At least 100 killed in car bombings in Somalia’s capital Mogadishu, president says
- President Hassan Sheikh Mohamud says nearly 300 other people are wounded, as al-Shabab extremist group claims responsibility for attack
- The explosions hit the country’s education ministry in the city centre, close to a busy intersection where a truck bombing killed more than 500 people in 2017
The number of people killed in an attack on Saturday at a busy intersection in the Somali capital Mogadishu has risen to at least 100, President Hassan Sheikh Mohamud said on Sunday.
“So far, people who died have reached 100 and 300 are wounded, and the number for both the death and wounded continues to increase,” he said after visiting the bombing location, where a truck bombing at the same spot five years ago killed more than 500.
Two cars packed with explosives were detonated minutes apart near the busy Zobe junction, followed by gunfire in an attack targeting Somalia’s education ministry.
“We ask our international partners and Muslims around the world to send their medical doctors here since we can’t send all the victims outside the country for treatment,” he said.
The al-Qaeda-linked al-Shabab extremist group, which often targets the capital and controls large parts of the country, claimed responsibility, saying it targeted the education ministry. It claimed the ministry was an “enemy base” that receives support from non-Muslim countries and “is committed to removing Somali children from the Islamic faith”.
Al-Shabab usually does not make claims of responsibility when large numbers of civilians are killed, as in the 2017 blast, but it has been angered by a high-profile new offensive by the government that also aims to shut down its financial network. The group said it was committed to fighting until the country is ruled by Islamic law, and it asked civilians to stay away from government areas.
Somalia’s president, elected this year, said the country remained at war with al-Shabab “and we are winning”.
The attack in Mogadishu occurred on a day when the president, prime minister and other senior officials were meeting to discuss expanded efforts to combat violent extremism and especially al-Shabab. The extremists, who seek an Islamic state, have responded to the offensive by killing prominent clan leaders in an apparent effort to dissuade grass-roots support.

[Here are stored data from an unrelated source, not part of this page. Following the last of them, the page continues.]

text \<open>
  Read coordinate \<open>2p + r\<close> (\<open>r < 2\<close>) of \<open>x\<close> as component \<open>r\<close> of the \<open>p\<close>-th block, i.e.
  \<open>\<ell>\<^sup>2 = \<ell>\<^sup>2 \<otimes> \<real>\<^sup>2\<close>, and let \<open>S\<^sub>0, S\<^sub>1\<close> be the isometries \<open>e\<^sub>p \<mapsto> e\<^sub>2\<^sub>p, e\<^sub>2\<^sub>p\<^sub>+\<^sub>1\<close>, so that
  \<open>S\<^sub>i\<^sup>* S\<^sub>j = \<delta>\<^sub>i\<^sub>j I\<close> and \<open>S\<^sub>0 S\<^sub>0\<^sup>* + S\<^sub>1 S\<^sub>1\<^sup>* = I\<close>. With the nonnegative matrices
  \<open>R = [[0,0],[\<epsilon>,1]]\<close>, \<open>T = [[1/\<epsilon>,1/\<epsilon>\<^sup>2],[0,0]]\<close>, \<open>P = [[0,1/\<epsilon>],[0,1]]\<close>, \<open>Q = [[\<epsilon>,0],[\<epsilon>\<^sup>2,\<epsilon>]]\<close>
  put \<open>A = S\<^sub>0\<^sup>* \<otimes> R + S\<^sub>1\<^sup>* \<otimes> T\<close> and \<open>B = S\<^sub>0 \<otimes> P + S\<^sub>1 \<otimes> Q\<close>. Then \<open>AB = I \<otimes> (RP + TQ)\<close>, and since
  \<open>PT = 0\<close> and \<open>PR = QT\<close> also \<open>BA = I \<otimes> PR + S\<^sub>1 S\<^sub>0\<^sup>* \<otimes> QR\<close>. Hence \<open>AB - BA = I + N\<close> with
  \<open>N = I \<otimes> E - S\<^sub>1 S\<^sub>0\<^sup>* \<otimes> QR\<close>, \<open>E = [[0,0],[-\<epsilon>,0]]\<close>; as \<open>E\<^sup>2 = E QR = 0\<close> and \<open>(S\<^sub>1 S\<^sub>0\<^sup>*)\<^sup>2 = 0\<close>,
  \<open>N\<^sup>3 = 0\<close> while \<open>N\<^sup>2 = S\<^sub>1 S\<^sub>0\<^sup>* \<otimes> [[0,0],[\<epsilon>\<^sup>2,0]] \<noteq> 0\<close>. In coordinates each of \<open>A, B, N\<close> is a sum of a
  few weighted shifts with weights at most \<open>1/\<epsilon>\<^sup>2\<close>, \<open>1/\<epsilon>\<close> and \<open>\<epsilon>\<close> respectively, which gives the norm bounds.
\<close>

lemma L2_set_le_l2_norm:
  assumes "x \<in> l2" and "finite A"
  shows "L2_set x A \<le> l2_norm x"
  using assms unfolding l2_def l2_norm_def L2_set_def
  by (simp add: sum_le_suminf)

lemma bounded_partial_L2_set_imp_l2:
  assumes partial: "\<And>k. L2_set y {..<k} \<le> c"
  shows "y \<in> l2" and "l2_norm y \<le> c"
proof -
  have "0 \<le> c" using partial[of 0] by simp
  have sums: "(\<Sum>n<k. (y n)\<^sup>2) \<le> c\<^sup>2" for k
    using partial[of k] by (simp add: L2_set_def sqrt_le_D)
  then have "summable (\<lambda>n. (y n)\<^sup>2)"
    by (intro summableI_nonneg_bounded) auto
  then show "y \<in> l2" by (simp add: l2_def)
  have "(\<Sum>n. (y n)\<^sup>2) \<le> c\<^sup>2"
    by (rule suminf_le_const[OF \<open>summable _\<close> sums])
  then show "l2_norm y \<le> c"
    using \<open>0 \<le> c\<close> by (simp add: l2_norm_def real_le_lsqrt)
qed
theorem theorem1:
  fixes V :: "'a set" and E :: "'a \<Rightarrow> 'a \<Rightarrow> bool"
  assumes "simple_graph V E" and "triangle_free V E"
  shows "KB_adj V E = square_adj (bicliques V E) (KBm_adj V E)"
proof (intro ext iffI)
  fix P Q assume "KB_adj V E P Q"
  then have P: "P \<in> bicliques V E" and Q: "Q \<in> bicliques V E" and "P \<noteq> Q"
    and "P \<inter> Q \<noteq> {}" unfolding KB_adj_def by auto
  then obtain v where "v \<in> P \<inter> Q" by blast
  then obtain R where R: "R \<in> bicliques V E"
    and PR: "R = P \<or> mutually_included V E P R" and QR: "R = Q \<or> mutually_included V E Q R"
    using intersecting_bicliques_common_closure[OF assms P Q] by blast
  have "R = P \<or> KBm_adj V E P R"
    using PR P R unfolding KBm_adj_def by blast
  moreover have "R = Q \<or> KBm_adj V E R Q"
    using QR Q R mutually_included_sym[OF assms(1), of Q R] unfolding KBm_adj_def by blast
  ultimately show "square_adj (bicliques V E) (KBm_adj V E) P Q"
    using square_adj_if_joined[OF P Q R \<open>P \<noteq> Q\<close>] by blast
next
  fix P Q assume "square_adj (bicliques V E) (KBm_adj V E) P Q"
  then have "P \<in> bicliques V E" "Q \<in> bicliques V E" "P \<noteq> Q"
    and "mutually_included V E P Q \<or> (\<exists>R. mutually_included V E P R \<and> mutually_included V E R Q)"
    unfolding square_adj_def KBm_adj_def by auto
  then show "KB_adj V E P Q"
    using mutually_included_Int_nonempty mutually_included_path_Int_nonempty[OF assms(1)]
    unfolding KB_adj_def by blast
qed

end
(* Let $N\in\mathbb{N}=\{1,2,\ldots\}$. (i) For any $k\in\mathbb{Z}_+=\{0,1,2,\ldots\}$ and $s\in\mathbb{R}$, there exists a constant $\gamma_N^{s,k}\ge 0$ such that $$\bigl(|x|_N^{k-s}\,|\nabla_N^k[|x|_N^s]|_{N^k}\bigr)^2=\gamma_N^{s,k}\quad\text{for all } x\in\mathbb{R}^N\setminus\{0\}.$$ (ii) For any $k\in\mathbb{N}$, there exists a constant $\ell_N^k>0$ such that $$\bigl(|x|_N^{k}\,|\nabla_N^k[\log|x|_N]|_{N^k}\bigr)^2=\ell_N^k\quad\text{for all } x\in\mathbb{R}^N\setminus\{0\}.$$
   Context: $|x|_N=(x_1^2+\cdots+x_N^2)^{1/2}$ is the Euclidean norm on $\mathbb{R}^N$; $\log$ is the natural logarithm. Let $I_N=\{1,\ldots,N\}$. For $i=(i_1,\ldots,i_k)\in I_N^k$ put $D_i=\frac{\partial}{\partial x_{i_1}}\cdots\frac{\partial}{\partial x_{i_k}}$. For a smooth real function $u$ on a domain $\Omega\subset\mathbb{R}^N$, $\nabla_N^k u(x)=(D_iu(x))_{i\in I_N^k}$ and $|\nabla_N^k u(x)|_{N^k}=\bigl(\sum_{i\in I_N^k}(D_iu(x))^2\bigr)^{1/2}$ (sum over all ordered $k$-tuples of indices); for $k=0$, $|\nabla_N^0u(x)|_1=|u(x)|$. *)

theory Defs
  imports "HOL-Analysis.Analysis"
begin

definition partial_coord :: "'n::finite \<Rightarrow> (real^'n \<Rightarrow> real) \<Rightarrow> real^'n \<Rightarrow> real" where
  "partial_coord i f x = deriv (\<lambda>t. f (x + t *\<^sub>R axis i 1)) 0"

fun Dmulti :: "'n::finite list \<Rightarrow> (real^'n \<Rightarrow> real) \<Rightarrow> real^'n \<Rightarrow> real" where
  "Dmulti [] f = f"
| "Dmulti (i # is) f = partial_coord i (Dmulti is f)"

definition grad_norm :: "nat \<Rightarrow> (real^'n::finite \<Rightarrow> real) \<Rightarrow> real^'n \<Rightarrow> real" where
  "grad_norm k f x = sqrt (\<Sum>is\<in>{is :: 'n list. length is = k}. (Dmulti is f x)\<^sup>2)"

end

theory Submission
  imports Defs
begin

text \<open>Let F(x) be the squared norm of the k-th gradient of f = |x|^s (or of f = log |x|, with
  s = 0). The chain rule for a linear map Q acts on the k-th derivative tensor by Q in every slot,
  so F is invariant under orthogonal maps because f is. Since f(c y) = c^s f(y) + const for
  c > 0, the k-th derivatives are homogeneous of degree s - k (the constant disappears once
  k \<ge> 1). Hence |x|^(2k - 2s) F(x) depends only on x / |x|, so it is constant. For the
  logarithm the constant is positive because the k-th derivative along e_1 at e_1 is
  (-1)^(k-1) (k-1)!.\<close>

text \<open>Expressions whose symbolic partial derivatives stay in the same class; they certify that all
  iterated partials of |x|^s and log |x| exist and are differentiable away from the origin.\<close>
datatype 'n rexpr =
  Const real | Coord 'n | Norm_powr real | Ln_norm | Add "'n rexpr" "'n rexpr" | Mult "'n rexpr" "'n rexpr"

The attack has overwhelmed first responders in Somalia, which has one of the world’s weakest health systems after decades of conflict. At hospitals and elsewhere, frantic relatives peeked under plastic sheeting and into body bags, looking for loved ones.
Halima Duwane was searching for her uncle, Abdullahi Jama. “We don’t know whether he is dead or alive but the last time we communicated he was around here,” she said, crying.
Witnesses to the attack were stunned. “I couldn’t count the bodies on the ground due to the (number of) fatalities,” witness Abdirazak Hassan said, adding the first blast hit the perimeter wall of the education ministry, where street vendors and money changers were located.
An Associated Press journalist at the scene said the second blast occurred in front of a busy restaurant during lunchtime. The blasts demolished tuk-tuks and other vehicles in an area of many restaurants and hotels.
The Somali Journalists Syndicate, citing colleagues and police, said one journalist was killed and two others wounded by the second blast while rushing to the scene of the first. The Aamin ambulance service said the second blast destroyed one of its responding vehicles.
It was not immediately clear how vehicles loaded with explosives again made it to the high-profile location in Mogadishu, a city thick with checkpoints and constantly on alert for attacks.
The United States has described al-Shabab as one of al-Qaeda’s deadliest organisations and targeted it with scores of air strikes in recent years. Hundreds of US military personnel have returned to the country after former President Donald Trump withdrew them.